lemma has_integral_weak_form_terms:
  fixes a b a' b' f g m w :: "real \<Rightarrow> real"
  assumes a: "continuous_on {0..T} a" and b: "continuous_on {0..T} b"
    and a': "continuous_on {0..T} a'" and b': "continuous_on {0..T} b'"
    and f: "continuous_on {0..T} f" and g: "continuous_on {0..T} g"
    and m: "continuous_on {0..T} m" and w: "continuous_on {0..T} w"
  shows "((\<lambda>t. a t * left_integral \<psi>t t + b t * right_integral \<psi>t t + w t * \<psi>t (\<xi> t, t)
            + (f t * left_integral \<psi>x t + g t * right_integral \<psi>x t) + w t * \<sigma> t * \<psi>x (\<xi> t, t)
            + (a' t * left_integral \<psi> t + b' t * right_integral \<psi> t) + m t * \<psi> (\<xi> t, t))
    has_integral
      dint (\<lambda>x t. (if x < \<xi> t then a t else b t) * pt \<psi> x t) + tint (\<lambda>t. w t * pt \<psi> (\<xi> t) t)
       + dint (\<lambda>x t. (if x < \<xi> t then f t else g t) * px \<psi> x t) + tint (\<lambda>t. w t * \<sigma> t * px \<psi> (\<xi> t) t)
       + dint (\<lambda>x t. (if x < \<xi> t then a' t else b' t) * \<psi> (x, t)) + tint (\<lambda>t. m t * \<psi> (\<xi> t, t)))
    {0..T}"
proof -
  have "continuous_on {0..T} (\<lambda>t. w t * \<sigma> t)"
    by (intro continuous_intros w continuous_\<sigma>)
  with continuous_\<psi>x \<psi>x_vanishes
  have "((\<lambda>t. w t * \<sigma> t * \<psi>x (\<xi> t, t)) has_integral
         tint (\<lambda>t. w t * \<sigma> t * px \<psi> (\<xi> t) t)) {0..T}"
    unfolding px_eq by (rule has_integral_tint)
  moreover have "((\<lambda>t. a t * left_integral \<psi>t t + b t * right_integral \<psi>t t) has_integral
         dint (\<lambda>x t. (if x < \<xi> t then a t else b t) * pt \<psi> x t)) {0..T}"
    unfolding pt_eq using continuous_\<psi>t \<psi>t_vanishes a b by (rule has_integral_dint)
  moreover have "((\<lambda>t. w t * \<psi>t (\<xi> t, t)) has_integral tint (\<lambda>t. w t * pt \<psi> (\<xi> t) t)) {0..T}"
    unfolding pt_eq using continuous_\<psi>t \<psi>t_vanishes w by (rule has_integral_tint)
  moreover have "((\<lambda>t. f t * left_integral \<psi>x t + g t * right_integral \<psi>x t) has_integral
         dint (\<lambda>x t. (if x < \<xi> t then f t else g t) * px \<psi> x t)) {0..T}"
    unfolding px_eq using continuous_\<psi>x \<psi>x_vanishes f g by (rule has_integral_dint)
  moreover have "((\<lambda>t. a' t * left_integral \<psi> t + b' t * right_integral \<psi> t) has_integral
         dint (\<lambda>x t. (if x < \<xi> t then a' t else b' t) * \<psi> (x, t))) {0..T}"
    using continuous_\<psi> vanishes a' b' by (rule has_integral_dint)
  moreover have "((\<lambda>t. m t * \<psi> (\<xi> t, t)) has_integral tint (\<lambda>t. m t * \<psi> (\<xi> t, t))) {0..T}"
    using continuous_\<psi> vanishes m by (rule has_integral_tint)
  ultimately show ?thesis
    by (intro has_integral_add)
qed

lemma weak_form_identity:
  fixes a b a' b' f g m w :: "real \<Rightarrow> real"
  assumes a: "\<And>t. t \<in> {0..T} \<Longrightarrow> (a has_real_derivative a' t) (at t within {0..T})"
    and b: "\<And>t. t \<in> {0..T} \<Longrightarrow> (b has_real_derivative b' t) (at t within {0..T})"
    and a': "continuous_on {0..T} a'" and b': "continuous_on {0..T} b'"
    and f: "continuous_on {0..T} f" and g: "continuous_on {0..T} g"
    and m: "continuous_on {0..T} m"
    and w: "\<And>t. t \<in> {0..T} \<Longrightarrow>
      (w has_real_derivative (b t - a t) * \<sigma> t - (g t - f t) + m t) (at t within {0..T})"
    and w_0: "w 0 = 0"
  shows "dint (\<lambda>x t. (if x < \<xi> t then a t else b t) * pt \<psi> x t) + tint (\<lambda>t. w t * pt \<psi> (\<xi> t) t)
       + dint (\<lambda>x t. (if x < \<xi> t then f t else g t) * px \<psi> x t) + tint (\<lambda>t. w t * \<sigma> t * px \<psi> (\<xi> t) t)
       + dint (\<lambda>x t. (if x < \<xi> t then a' t else b' t) * \<psi> (x, t)) + tint (\<lambda>t. m t * \<psi> (\<xi> t, t))
     = - (LBINT x. (if x < 0 then a 0 else b 0) * \<psi> (x, 0))"
    (is "?lhs = _")
proof -
  have "continuous_on {0..T} a" "continuous_on {0..T} b" "continuous_on {0..T} w"
    using DERIV_continuous_on[OF a] DERIV_continuous_on[OF b] DERIV_continuous_on[OF w] by simp_all
  note lhs = has_integral_weak_form_terms[OF this(1,2) a' b' f g m this(3)]
  have rhs: "((\<lambda>t. a' t * left_integral \<psi> t
        + a t * (\<sigma> t * (\<psi> (0 + \<xi> t, t) - \<psi> (- K + \<xi> t, t)) + left_integral \<psi>t t)
      + (b' t * right_integral \<psi> t
        + b t * (\<sigma> t * (\<psi> (K + \<xi> t, t) - \<psi> (0 + \<xi> t, t)) + right_integral \<psi>t t))
      + (((b t - a t) * \<sigma> t - (g t - f t) + m t) * \<psi> (\<xi> t, t)
         + w t * (\<sigma> t * \<psi>x (\<xi> t, t) + \<psi>t (\<xi> t, t))))
    has_integral (a T * left_integral \<psi> T - a 0 * left_integral \<psi> 0)
      + (b T * right_integral \<psi> T - b 0 * right_integral \<psi> 0)
      + (w T * \<psi> (\<xi> T, T) - w 0 * \<psi> (\<xi> 0, 0))) {0..T}"
    unfolding left_integral_def right_integral_def using K_pos
    by (intro has_integral_add has_integral_along_strip has_integral_along_curve
        T_nonneg \<xi>_derivative continuous_\<sigma> a a' b b' w) auto
  have \<psi>x_integrals: "left_integral \<psi>x t = \<psi> (\<xi> t, t)" "right_integral \<psi>x t = - \<psi> (\<xi> t, t)"
    if "t \<in> {0..T}" for t
    using integral_\<psi>x[of "- K" 0] integral_\<psi>x[of 0 K] \<psi>_strip_edges[OF that] K_pos
    by (simp_all add: left_integral_def right_integral_def)
  have "?lhs = (a T * left_integral \<psi> T - a 0 * left_integral \<psi> 0)
      + (b T * right_integral \<psi> T - b 0 * right_integral \<psi> 0)
      + (w T * \<psi> (\<xi> T, T) - w 0 * \<psi> (\<xi> 0, 0))"
    by (rule has_integral_unique[OF lhs has_integral_eq[OF _ rhs]])
      (simp add: \<psi>x_integrals \<psi>_strip_edges algebra_simps)
  then show ?thesis
    by (simp add: initial_integral left_integral_def right_integral_def \<xi>_0 w_0 \<psi>_at_T)
qed

end

lemma has_real_derivative_LBINT_upper:
  fixes \<sigma> :: "real \<Rightarrow> real"
  assumes \<sigma>: "continuous_on {0..} \<sigma>" and t: "0 \<le> t"
  shows "((\<lambda>t. LBINT s:{0..t}. \<sigma> s) has_real_derivative \<sigma> t) (at t within {0..})"
proof -
  have "at t within {0..} = at t within {0..t + 1}"
    by (rule at_within_nhd[where S="{t - 1<..<t + 1}"]) auto
  moreover have "((\<lambda>u. integral {0..u} \<sigma>) has_real_derivative \<sigma> t) (at t within {0..t + 1})"
    by (rule integral_has_real_derivative) (use continuous_on_subset[OF \<sigma>] t in auto)
  then have "((\<lambda>u. LBINT s:{0..u}. \<sigma> s) has_real_derivative \<sigma> t) (at t within {0..t + 1})"
  proof (rule has_field_derivative_transform_within[OF _ zero_less_one])
    fix u assume "u \<in> {0..t + 1}"
    then show "integral {0..u} \<sigma> = (LBINT s:{0..u}. \<sigma> s)"
      using borel_integrable_atLeastAtMost'[OF continuous_on_subset[OF \<sigma>]]
      by (subst set_borel_integral_eq_integral(2)) auto
  qed (use t in auto)
  ultimately show ?thesis
    by simp
qed

text \<open>A general balance law \<open>\<partial>\<^sub>t \<rho> + \<partial>\<^sub>x q = s + m \<delta>(x - \<xi>(t))\<close>, with \<open>\<rho>, q, s\<close> equal to
  \<open>a, f, a'\<close> left of the curve and \<open>b, g, b'\<close> right of it, and a \<open>\<delta>\<close> of weight \<open>w\<close> in \<open>\<rho>\<close>
  (hence \<open>w \<sigma>\<close> in \<open>q\<close>) moving with the curve.\<close>

theorem delta_shock_weak_form:
  fixes \<psi> :: "real \<times> real \<Rightarrow> real" and \<xi> \<sigma> a b a' b' f g m w :: "real \<Rightarrow> real"
    and \<rho> q s :: "real \<Rightarrow> real \<Rightarrow> real" and \<rho>\<^sub>0 :: "real \<Rightarrow> real"
  assumes \<psi>: "test_fun \<psi>"
    and \<xi>: "\<And>t. 0 \<le> t \<Longrightarrow> (\<xi> has_real_derivative \<sigma> t) (at t within {0..})" and \<xi>_0: "\<xi> 0 = 0"
    and \<sigma>: "continuous_on {0..} \<sigma>"
    and a: "\<And>t. 0 \<le> t \<Longrightarrow> (a has_real_derivative a' t) (at t within {0..})"
    and b: "\<And>t. 0 \<le> t \<Longrightarrow> (b has_real_derivative b' t) (at t within {0..})"
    and a': "continuous_on {0..} a'" and b': "continuous_on {0..} b'"
    and f: "continuous_on {0..} f" and g: "continuous_on {0..} g"
    and m: "continuous_on {0..} m"
    and w: "\<And>t. 0 \<le> t \<Longrightarrow>
      (w has_real_derivative (b t - a t) * \<sigma> t - (g t - f t) + m t) (at t within {0..})"
    and w_0: "w 0 = 0"
    and \<rho>: "\<And>x t. \<rho> x t = (if x < \<xi> t then a t else b t)"
    and q: "\<And>x t. q x t = (if x < \<xi> t then f t else g t)"
    and s: "\<And>x t. s x t = (if x < \<xi> t then a' t else b' t)"
    and \<rho>\<^sub>0: "\<And>x. \<rho>\<^sub>0 x = (if x < 0 then a 0 else b 0)"
  shows "dint (\<lambda>x t. \<rho> x t * pt \<psi> x t) + tint (\<lambda>t. w t * pt \<psi> (\<xi> t) t)
       + dint (\<lambda>x t. q x t * px \<psi> x t) + tint (\<lambda>t. w t * \<sigma> t * px \<psi> (\<xi> t) t)
       + dint (\<lambda>x t. s x t * \<psi> (x, t)) + tint (\<lambda>t. m t * \<psi> (\<xi> t, t))
     = - (LBINT x. \<rho>\<^sub>0 x * \<psi> (x, 0))"
proof -
  obtain \<psi>x \<psi>t R where "compact_C1_test \<psi> \<psi>x \<psi>t R"
    using test_fun_compact_C1_test[OF \<psi>] .
  then interpret compact_C1_test \<psi> \<psi>x \<psi>t R .
  define T where "T = \<bar>R\<bar> + 1"
  have restrict: "(F has_real_derivative F' t) (at t within {0..T})"
    if "\<And>t. 0 \<le> t \<Longrightarrow> (F has_real_derivative F' t) (at t within {0..})" "t \<in> {0..T}"
    for F F' :: "real \<Rightarrow> real" and t
    by (rule DERIV_subset[OF that(1)]) (use that(2) in auto)
  have "bounded (\<xi> ` {0..T})"
    using restrict[OF \<xi>] by (intro compact_imp_bounded compact_continuous_image DERIV_continuous_on) auto
  then obtain M where M: "\<And>t. t \<in> {0..T} \<Longrightarrow> \<bar>\<xi> t\<bar> \<le> M"
    unfolding bounded_real by blast
  have "0 \<le> M"
    using M[of 0] T_def by simp
  then interpret shock_strip \<psi> \<psi>x \<psi>t R \<xi> \<sigma> T "\<bar>R\<bar> + M + 1"
  proof unfold_locales
    show "(\<xi> has_real_derivative \<sigma> t) (at t within {0..T})" if "t \<in> {0..T}" for t
      using restrict[OF \<xi> that] .
    show "continuous_on {0..T} \<sigma>"
      by (rule continuous_on_subset[OF \<sigma>]) auto
    show "R + \<bar>\<xi> t\<bar> < \<bar>R\<bar> + M + 1" if "t \<in> {0..T}" for t
      using M[OF that] by simp
  qed (use \<xi>_0 in \<open>auto simp: T_def\<close>)
  show ?thesis
    unfolding \<rho> q s \<rho>\<^sub>0
    by (rule weak_form_identity)
      (use restrict[OF a] restrict[OF b] restrict[OF w] w_0 in
        \<open>auto intro: continuous_on_subset[OF a'] continuous_on_subset[OF b'] continuous_on_subset[OF f]
          continuous_on_subset[OF g] continuous_on_subset[OF m]\<close>)
qed

section \<open>The Eulerian droplet model\<close>

lemma relaxation_has_derivative:
  "((\<lambda>t. ua + (u0 - ua) * exp (- \<mu> * t)) has_real_derivative
      \<mu> * (ua - (ua + (u0 - ua) * exp (- \<mu> * t)))) (at t within S)"
  by (auto intro!: derivative_eq_intros simp: algebra_simps)

lemma droplet_mass_weak_form:
  fixes \<psi> :: "real \<times> real \<Rightarrow> real" and \<xi> \<sigma> \<omega> ul ur :: "real \<Rightarrow> real" and am ap :: real
  assumes "test_fun \<psi>"
    and "\<And>t. 0 \<le> t \<Longrightarrow> (\<xi> has_real_derivative \<sigma> t) (at t within {0..})" and "\<xi> 0 = 0"
    and "continuous_on {0..} \<sigma>" and "continuous_on {0..} ul" and "continuous_on {0..} ur"
    and "\<And>t. 0 \<le> t \<Longrightarrow>
      (\<omega> has_real_derivative (ap - am) * \<sigma> t - (ap * ur t - am * ul t)) (at t within {0..})"
    and "\<omega> 0 = 0"
  shows "(dint (\<lambda>x t. (if x < \<xi> t then am else ap) * pt \<psi> x t) + tint (\<lambda>t. \<omega> t * pt \<psi> (\<xi> t) t))
       + (dint (\<lambda>x t. (if x < \<xi> t then am else ap) * (if x < \<xi> t then ul t else ur t) * px \<psi> x t)
          + tint (\<lambda>t. \<omega> t * \<sigma> t * px \<psi> (\<xi> t) t))
     = - (LBINT x. (if x < 0 then am else ap) * \<psi> (x, 0))"
proof -
  have "dint (\<lambda>x t. (if x < \<xi> t then am else ap) * pt \<psi> x t) + tint (\<lambda>t. \<omega> t * pt \<psi> (\<xi> t) t)
      + dint (\<lambda>x t. (if x < \<xi> t then am else ap) * (if x < \<xi> t then ul t else ur t) * px \<psi> x t)
      + tint (\<lambda>t. \<omega> t * \<sigma> t * px \<psi> (\<xi> t) t)
      + dint (\<lambda>x t. 0 * \<psi> (x, t)) + tint (\<lambda>t. 0 * \<psi> (\<xi> t, t))
      = - (LBINT x. (if x < 0 then am else ap) * \<psi> (x, 0))"
    by (rule delta_shock_weak_form[where a="\<lambda>_. am" and b="\<lambda>_. ap" and a'="\<lambda>_. 0" and b'="\<lambda>_. 0"
          and f="\<lambda>t. am * ul t" and g="\<lambda>t. ap * ur t"])
      (use assms in \<open>auto intro!: continuous_on_mult continuous_on_const DERIV_const\<close>)
  then show ?thesis
    by (simp add: dint_def tint_def add.assoc)
qed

--------------------------------

Aim of the exercise - Once every line of the listing that contains "times" has been counted, give the total and nothing else.

Final answer - 2